Reference: Read & Debug Part 1 - PIF
Introduction
I encourage you to get through at least the first 2 lessons/days, at this point you will have a working environment and could probably start to benefit from reading some example code and using the debugger.
The goals here are:
- Get better at reading and understanding MIPS assembly
- Get more experience with using the MAME debugger
- Understand the N64 boot process
- A lot of this!
Please provide feedback this is kind of a technical topic there are going to be areas where it needs to be more clear and areas that I misunderstand or just plain get wrong so let me know.
Background
The actual PIF chip has many different functions:
- Store MIPS BIOS Instructions (1,984 bytes IPL1 & IPL2)
- These instructions are addressed at the VR4300 boot vector 1FC0 0000
- This memory becomes unreadable before the boot is complete.
- Handle the CIC copy protection
- Complex continuously executed algorithm
- With control over the Console Reset functions
- Handles the Joybus protocol for all supported hardware
- Game controllers
- EEPROM
- Manages the user accessible reset button
- Notifies the process it has been pressed
- Then waits 0.5 seconds
- Then resets all system components
The PIF is actually a processor itself. It's a slightly customized Sharp SM5 4-bit Microcontroller, so lots of work happens in this little device. Our focus today is only on the first piece.

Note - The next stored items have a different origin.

(* Let $\omega\in(0,1)$ and $I=\lceil\log\omega/\log\gamma\rceil$. Let $\pi_0$ be an arbitrary deterministic stationary memoryless policy and, for $i=1,\dots,I$, let $\hat q_i:\mathcal{S}\times\mathcal{A}\to\mathbb{R}$ be any function with $|\hat q_i(s,a)-q^{\pi_{i-1}}(s,a)|\le\omega$ for all $(s,a)\in\mathcal{S}\times\mathcal{A}$, and set $\pi_i=\pi_{\hat q_i,\pi_{i-1},\emptyset}$ (the CAPI update with $\mathcal{S}_{\text{fix}}=\emptyset$). Then $\pi_I$ is $5\omega/(1-\gamma)$-optimal on $\mathcal{S}$, i.e. $v^\star(s)-v^{\pi_I}(s)\le 5\omega/(1-\gamma)$ for all $s\in\mathcal{S}$.
   Context: An MDP has measurable state space $\mathcal{S}$, finite ordered action set $\mathcal{A}=(\mathcal{A}_1,\dots,\mathcal{A}_{|\mathcal{A}|})$, transition kernel $P$ and rewards in $[0,1]$; discount $\gamma\in(0,1)$. $v^\pi(s)=\mathbb{E}_{\pi,s}[\sum_{t\ge0}\gamma^tR_t]$, $q^\pi(s,a)=\mathbb{E}_{\pi,s,a}[\sum_{t\ge0}\gamma^tR_t]$, $v^\star=\sup_\pi v^\pi$. A policy $\pi$ is $\Delta$-optimal on $\mathcal{S}'$ if $v^\star(s)-v^\pi(s)\le\Delta$ for all $s\in\mathcal{S}'$. CAPI update: given $\hat q$, a deterministic policy $\pi$, $\omega>0$ and $\mathcal{S}_{\text{fix}}\subseteq\mathcal{S}$, $\pi_{\hat q,\pi,\mathcal{S}_{\text{fix}}}(s)=\arg\max_a\hat q(s,a)$ (ties broken by smallest index) if $s\notin\mathcal{S}_{\text{fix}}$ and $\hat q(s,\pi(s))+\omega<\max_a\hat q(s,a)-\omega$, and $=\pi(s)$ otherwise. *)

theory Defs
  imports "HOL-Probability.Probability"
begin

text \<open>States of type 's,
  with state space the measurable space M; actions form a finite linearly ordered
  type 'a (the order is the index order of the action list).  P s a is the next-state
  distribution, r s a the (mean) reward, g the discount factor.\<close>

definition is_mdp :: "'s measure \<Rightarrow> ('s \<Rightarrow> 'a \<Rightarrow> 's measure) \<Rightarrow> ('s \<Rightarrow> 'a \<Rightarrow> real) \<Rightarrow> real \<Rightarrow> bool" where
  "is_mdp M P r g \<longleftrightarrow>
     (\<forall>s\<in>space M. \<forall>a. prob_space (P s a) \<and> sets (P s a) = sets M) \<and>
     (\<forall>a. (\<lambda>s. P s a) \<in> M \<rightarrow>\<^sub>M subprob_algebra M) \<and>
     (\<forall>a. (\<lambda>s. r s a) \<in> borel_measurable M) \<and>
     (\<forall>s\<in>space M. \<forall>a. 0 \<le> r s a \<and> r s a \<le> 1) \<and>
     0 < g \<and> g < 1"

text \<open>General (history-dependent, randomized) policies: the history is the list of
  previously visited state-action pairs, the second argument the current state.\<close>

type_synonym ('s, 'a) policy = "('s \<times> 'a) list \<Rightarrow> 's \<Rightarrow> 'a pmf"

text \<open>Expected discounted reward over the first n steps, when the history so far is h
  and the current state is s (finite-horizon recursion for the trajectory law).\<close>

fun horizon_value :: "('s \<Rightarrow> 'a \<Rightarrow> 's measure) \<Rightarrow> ('s \<Rightarrow> 'a \<Rightarrow> real) \<Rightarrow> real \<Rightarrow> ('s, 'a) policy
     \<Rightarrow> nat \<Rightarrow> ('s \<times> 'a) list \<Rightarrow> 's \<Rightarrow> ennreal" where
  "horizon_value P r g \<pi> 0 h s = 0"
| "horizon_value P r g \<pi> (Suc n) h s =
     (\<integral>\<^sup>+ a. (ennreal (r s a) + ennreal g *
        (\<integral>\<^sup>+ s'. horizon_value P r g \<pi> n (h @ [(s, a)]) s' \<partial>(P s a))) \<partial>measure_pmf (\<pi> h s))"

text \<open>v^pi(s) = E_{pi,s}[sum_t g^t R_t]\<close>
definition mdp_value :: "('s \<Rightarrow> 'a \<Rightarrow> 's measure) \<Rightarrow> ('s \<Rightarrow> 'a \<Rightarrow> real) \<Rightarrow> real \<Rightarrow> ('s, 'a) policy \<Rightarrow> 's \<Rightarrow> real" where
  "mdp_value P r g \<pi> s = enn2real (SUP n. horizon_value P r g \<pi> n [] s)"

definition opt_value :: "('s \<Rightarrow> 'a \<Rightarrow> 's measure) \<Rightarrow> ('s \<Rightarrow> 'a \<Rightarrow> real) \<Rightarrow> real \<Rightarrow> 's \<Rightarrow> real" where
  "opt_value P r g s = enn2real (SUP \<pi>. SUP n. horizon_value P r g \<pi> n [] s)"

definition det_policy :: "('s \<Rightarrow> 'a) \<Rightarrow> ('s, 'a) policy" where
  "det_policy d = (\<lambda>h s. return_pmf (d s))"

text \<open>q^d(s,a) = E_{d,s,a}[sum_t g^t R_t]: first action a, then follow d.\<close>
definition q_value :: "('s \<Rightarrow> 'a \<Rightarrow> 's measure) \<Rightarrow> ('s \<Rightarrow> 'a \<Rightarrow> real) \<Rightarrow> real \<Rightarrow> ('s \<Rightarrow> 'a) \<Rightarrow> 's \<Rightarrow> 'a \<Rightarrow> real" where
  "q_value P r g d s a =
     mdp_value P r g (\<lambda>h s'. if h = [] then return_pmf a else return_pmf (d s')) s"

text \<open>CAPI update; ties in the argmax broken by the smallest action.\<close>
definition capi :: "('s \<Rightarrow> 'a::{finite,linorder} \<Rightarrow> real) \<Rightarrow> ('s \<Rightarrow> 'a) \<Rightarrow> real \<Rightarrow> 's set \<Rightarrow> 's \<Rightarrow> 'a" where
  "capi qh d \<omega> Sfix s =
     (if s \<notin> Sfix \<and> qh s (d s) + \<omega> < Max (range (qh s)) - \<omega>
      then (LEAST a. \<forall>b. qh s b \<le> qh s a) else d s)"

end

theory Submission
  imports Defs
begin

text \<open>Each CAPI step switches action only when the estimated gain exceeds 2\<omega>, so it never
  decreases the true q-value of the previous policy (policy improvement), and it is greedy
  with respect to that q-value up to 4\<omega>. If every policy is dominated by
  v^{\<pi>_i} + e_i, then one Bellman step through the 4\<omega>-greedy improvement \<pi>_{i+1}
  gives e_{i+1} = 4\<omega> + \<gamma> e_i. Starting from e_0 = 1/(1-\<gamma>) this yields
  e_I \<le> \<gamma>^I/(1-\<gamma>) + 4\<omega>/(1-\<gamma>) \<le> 5\<omega>/(1-\<gamma>) by the choice of I.\<close>

lemma SUP_eq_SUP_Suc:
  fixes f :: "nat \<Rightarrow> 'a::complete_lattice"
  assumes "f 0 = bot"
  shows "(SUP n. f n) = (SUP n. f (Suc n))"
proof -
  have "range f = insert (f 0) (range (\<lambda>n. f (Suc n)))"
    by (auto simp: image_iff) (metis not0_implies_Suc)
  then show ?thesis using assms by simp
qed

lemma nn_integral_pmf_le_const:
  assumes "\<And>a. f a \<le> c"
  shows "(\<integral>\<^sup>+a. f a \<partial>measure_pmf p) \<le> c"
  by (rule measure_pmf.nn_integral_le_const) (auto intro: assms)

lemma ennreal_enn2real_of_le: "x \<le> ennreal c \<Longrightarrow> ennreal (enn2real x) = x"
  by (metis ennreal_enn2real ennreal_less_top order.strict_trans1)

lemma pow_ceiling_log_le:
  fixes g \<omega> :: real
  assumes "0 < g" "g < 1" "0 < \<omega>"
  shows "g ^ nat \<lceil>ln \<omega> / ln g\<rceil> \<le> \<omega>"
proof -
  let ?I = "nat \<lceil>ln \<omega> / ln g\<rceil>"
  have "ln g < 0" using assms by simp
  moreover have "ln \<omega> / ln g \<le> real ?I" by linarith
  ultimately have "real ?I * ln g \<le> ln \<omega>" by (simp add: divide_le_eq mult.commute)
  then have "ln (g ^ ?I) \<le> ln \<omega>" using assms by (simp add: ln_realpow)
  then show ?thesis using assms by simp
qed

subsection \<open>The CAPI update at a single state\<close>

lemma Least_argmax_iff:
  fixes f :: "'a::{finite,linorder} \<Rightarrow> real"
  shows "(LEAST a. \<forall>b. f b \<le> f a) = x \<longleftrightarrow>
     (\<forall>b. f b \<le> f x) \<and> (\<forall>c. (\<forall>b. f b \<le> f c) \<longrightarrow> x \<le> c)"
proof
  assume "(\<forall>b. f b \<le> f x) \<and> (\<forall>c. (\<forall>b. f b \<le> f c) \<longrightarrow> x \<le> c)"
  then show "(LEAST a. \<forall>b. f b \<le> f a) = x" by (intro Least_equality) auto
next
  let ?argmax = "{a. \<forall>b. f b \<le> f a}"
  assume "(LEAST a. \<forall>b. f b \<le> f a) = x"
  moreover have "Max (range f) \<in> range f" by (rule Max_in) auto
  then obtain m where "f m = Max (range f)" by (metis imageE)
  then have "m \<in> ?argmax" by simp
  then have "?argmax \<noteq> {}" by blast
  ultimately have "x = Min ?argmax"
    using Least_Min[of "\<lambda>a. \<forall>b. f b \<le> f a"] by auto
  moreover have "Min ?argmax \<in> ?argmax"
    using \<open>?argmax \<noteq> {}\<close> by (rule Min_in[OF finite])
  ultimately show "(\<forall>b. f b \<le> f x) \<and> (\<forall>c. (\<forall>b. f b \<le> f c) \<longrightarrow> x \<le> c)"
    by auto
qed

lemma Least_argmax_eq_Max:
  fixes f :: "'a::{finite,linorder} \<Rightarrow> real"
  shows "f (LEAST a. \<forall>b. f b \<le> f a) = Max (range f)"
proof (rule antisym)
  show "f (LEAST a. \<forall>b. f b \<le> f a) \<le> Max (range f)" by simp
  have "Max (range f) \<in> range f" by (rule Max_in) auto
  then obtain m where "Max (range f) = f m" by blast
  moreover have "\<forall>b. f b \<le> f (LEAST a. \<forall>b. f b \<le> f a)"
    using Least_argmax_iff[of f "LEAST a. \<forall>b. f b \<le> f a"] by simp
  ultimately show "Max (range f) \<le> f (LEAST a. \<forall>b. f b \<le> f a)" by simp
qed

lemma capi_no_worse:
  fixes qh :: "'s \<Rightarrow> 'a::{finite,linorder} \<Rightarrow> real" and q :: "'a \<Rightarrow> real"
  assumes approx: "\<And>a. \<bar>qh s a - q a\<bar> \<le> \<omega>"
  shows "q (d s) \<le> q (capi qh d \<omega> Sfix s)"
proof (cases "s \<notin> Sfix \<and> qh s (d s) + \<omega> < Max (range (qh s)) - \<omega>")
  case True
  let ?m = "LEAST a. \<forall>b. qh s b \<le> qh s a"
  have "capi qh d \<omega> Sfix s = ?m" using True by (simp add: capi_def)
  moreover note approx[of "d s", unfolded abs_le_iff] approx[of ?m, unfolded abs_le_iff Least_argmax_eq_Max]
  ultimately show ?thesis using True by (simp only:) linarith
next
  case False
  then have "capi qh d \<omega> Sfix s = d s" unfolding capi_def by auto
  then show ?thesis by simp
qed

lemma capi_near_greedy:
  fixes qh :: "'s \<Rightarrow> 'a::{finite,linorder} \<Rightarrow> real" and q :: "'a \<Rightarrow> real"
  assumes "s \<notin> Sfix" and approx: "\<And>a. \<bar>qh s a - q a\<bar> \<le> \<omega>"
  shows "q a \<le> q (capi qh d \<omega> Sfix s) + 4 * \<omega>"
proof -
  let ?m = "LEAST a. \<forall>b. qh s b \<le> qh s a"
  have "qh s a \<le> Max (range (qh s))" by simp
  note bounds = this approx[of a, unfolded abs_le_iff] approx[of "d s", unfolded abs_le_iff]
    approx[of ?m, unfolded abs_le_iff Least_argmax_eq_Max]
  show ?thesis
  proof (cases "qh s (d s) + \<omega> < Max (range (qh s)) - \<omega>")
    case True
    then have "capi qh d \<omega> Sfix s = ?m" using \<open>s \<notin> Sfix\<close> by (simp add: capi_def)
    then show ?thesis using bounds by (simp only:) linarith
  next
    case False
    then have "capi qh d \<omega> Sfix s = d s" by (simp add: capi_def)
    then show ?thesis using False bounds by (simp only:) linarith
  qed
qed

lemma measurable_capi:
  fixes qh :: "'s \<Rightarrow> 'a::{finite,linorder} \<Rightarrow> real"
  assumes d: "d \<in> M \<rightarrow>\<^sub>M count_space UNIV"
    and qh[measurable]: "\<And>a. (\<lambda>s. qh s a) \<in> borel_measurable M"
    and Sfix[measurable]: "Sfix \<in> sets M"
  shows "capi qh d \<omega> Sfix \<in> M \<rightarrow>\<^sub>M count_space UNIV"
proof -
  have [measurable]: "(\<lambda>s. qh s (d s)) \<in> borel_measurable M"
    by (rule measurable_compose_countable[OF qh d])
  have [measurable]: "(\<lambda>s. Max (range (qh s))) \<in> borel_measurable M"
    by (rule borel_measurable_Max) auto
  have argmax: "(\<lambda>s. LEAST a. \<forall>b. qh s b \<le> qh s a) \<in> M \<rightarrow>\<^sub>M count_space UNIV"
  proof (subst measurable_count_space_eq2_countable, safe)
    fix x
    have "(\<lambda>s. LEAST a. \<forall>b. qh s b \<le> qh s a) -` {x} \<inter> space M =
      {s \<in> space M. (\<forall>b. qh s b \<le> qh s x) \<and> (\<forall>c. (\<forall>b. qh s b \<le> qh s c) \<longrightarrow> x \<le> c)}"
      using Least_argmax_iff by blast
    also have "\<dots> \<in> sets M" by measurable
    finally show "(\<lambda>s. LEAST a. \<forall>b. qh s b \<le> qh s a) -` {x} \<inter> space M \<in> sets M" .
  qed auto
  show ?thesis
    unfolding capi_def by (rule measurable_If[OF argmax d]) measurable
qed

lemma measurable_capi_iterates:
  fixes qh :: "nat \<Rightarrow> 's \<Rightarrow> 'a::{finite,linorder} \<Rightarrow> real"
  assumes d0: "d 0 \<in> M \<rightarrow>\<^sub>M count_space UNIV" and "Sfix \<in> sets M"
    and qh: "\<And>i a. i < I \<Longrightarrow> (\<lambda>s. qh (Suc i) s a) \<in> borel_measurable M"
    and upd: "\<And>i s. i < I \<Longrightarrow> s \<in> space M \<Longrightarrow>
      d (Suc i) s = capi (qh (Suc i)) (d i) \<omega> Sfix s"
  shows "i \<le> I \<Longrightarrow> d i \<in> M \<rightarrow>\<^sub>M count_space UNIV"
proof (induction i)
  case (Suc i)
  then have "i < I" by simp
  have "capi (qh (Suc i)) (d i) \<omega> Sfix \<in> M \<rightarrow>\<^sub>M count_space UNIV"
    using Suc \<open>Sfix \<in> sets M\<close> qh[OF \<open>i < I\<close>] by (intro measurable_capi) auto
  then show ?case
    using upd[OF \<open>i < I\<close>] by (subst measurable_cong) auto
qed (rule d0)

subsection \<open>Values of deterministic stationary policies\<close>

locale discounted_mdp =
  fixes M :: "'s measure" and P :: "'s \<Rightarrow> 'a::{finite,linorder} \<Rightarrow> 's measure"
    and r :: "'s \<Rightarrow> 'a \<Rightarrow> real" and g :: real
  assumes is_mdp: "is_mdp M P r g"
begin

lemma prob_space_P: "s \<in> space M \<Longrightarrow> prob_space (P s a)"
  and sets_P: "s \<in> space M \<Longrightarrow> sets (P s a) = sets M"
  and measurable_P: "(\<lambda>s. P s a) \<in> M \<rightarrow>\<^sub>M subprob_algebra M"
  and measurable_r: "(\<lambda>s. r s a) \<in> borel_measurable M"
  and r_le_1: "s \<in> space M \<Longrightarrow> r s a \<le> 1"
  and discount_pos: "0 < g"
  and discount_less_1: "g < 1"
  using is_mdp by (auto simp: is_mdp_def)

lemma space_P: "s \<in> space M \<Longrightarrow> space (P s a) = space M"
  using sets_P sets_eq_imp_space_eq by blast

lemma measurable_P_cong: "s \<in> space M \<Longrightarrow> f \<in> borel_measurable M \<Longrightarrow> f \<in> borel_measurable (P s a)"
  using measurable_cong_sets[OF sets_P refl] by blast

definition vmax :: real where "vmax = 1 / (1 - g)"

The first thing to understand is that the PIF is mapped in to the Console Memory like the other hardware devices. It's Read-Only Memory address is 0x1FC0 0000 which is standard for MIPS processors for the location of the first instruction to execute, but wait we did a hard reset, and the debugger goes to 0xBFC0 0000? Correct this is part of the N64 caching feature there is a very subtle reference in the last lines of the memory map document that mentions that 0x8000 0000 and 0xA000 0000 are mirrors of 0x0000 0000 to 0x1FFF FFFF.
Which means that 0x1FC0 0000 is the "same" memory as both 0x9FC0 0000 and 0xBFC0 0000, there is a behavior difference because the BFC0 range has a caching feature that we are going to ignore for now.
- 0x9FC0 0000 points to 0x1FC0 0000
- 0xBFC0 0000 points to 0x1FC0 0000
This will come up again in the first couple of instructions, so we'll cover more then.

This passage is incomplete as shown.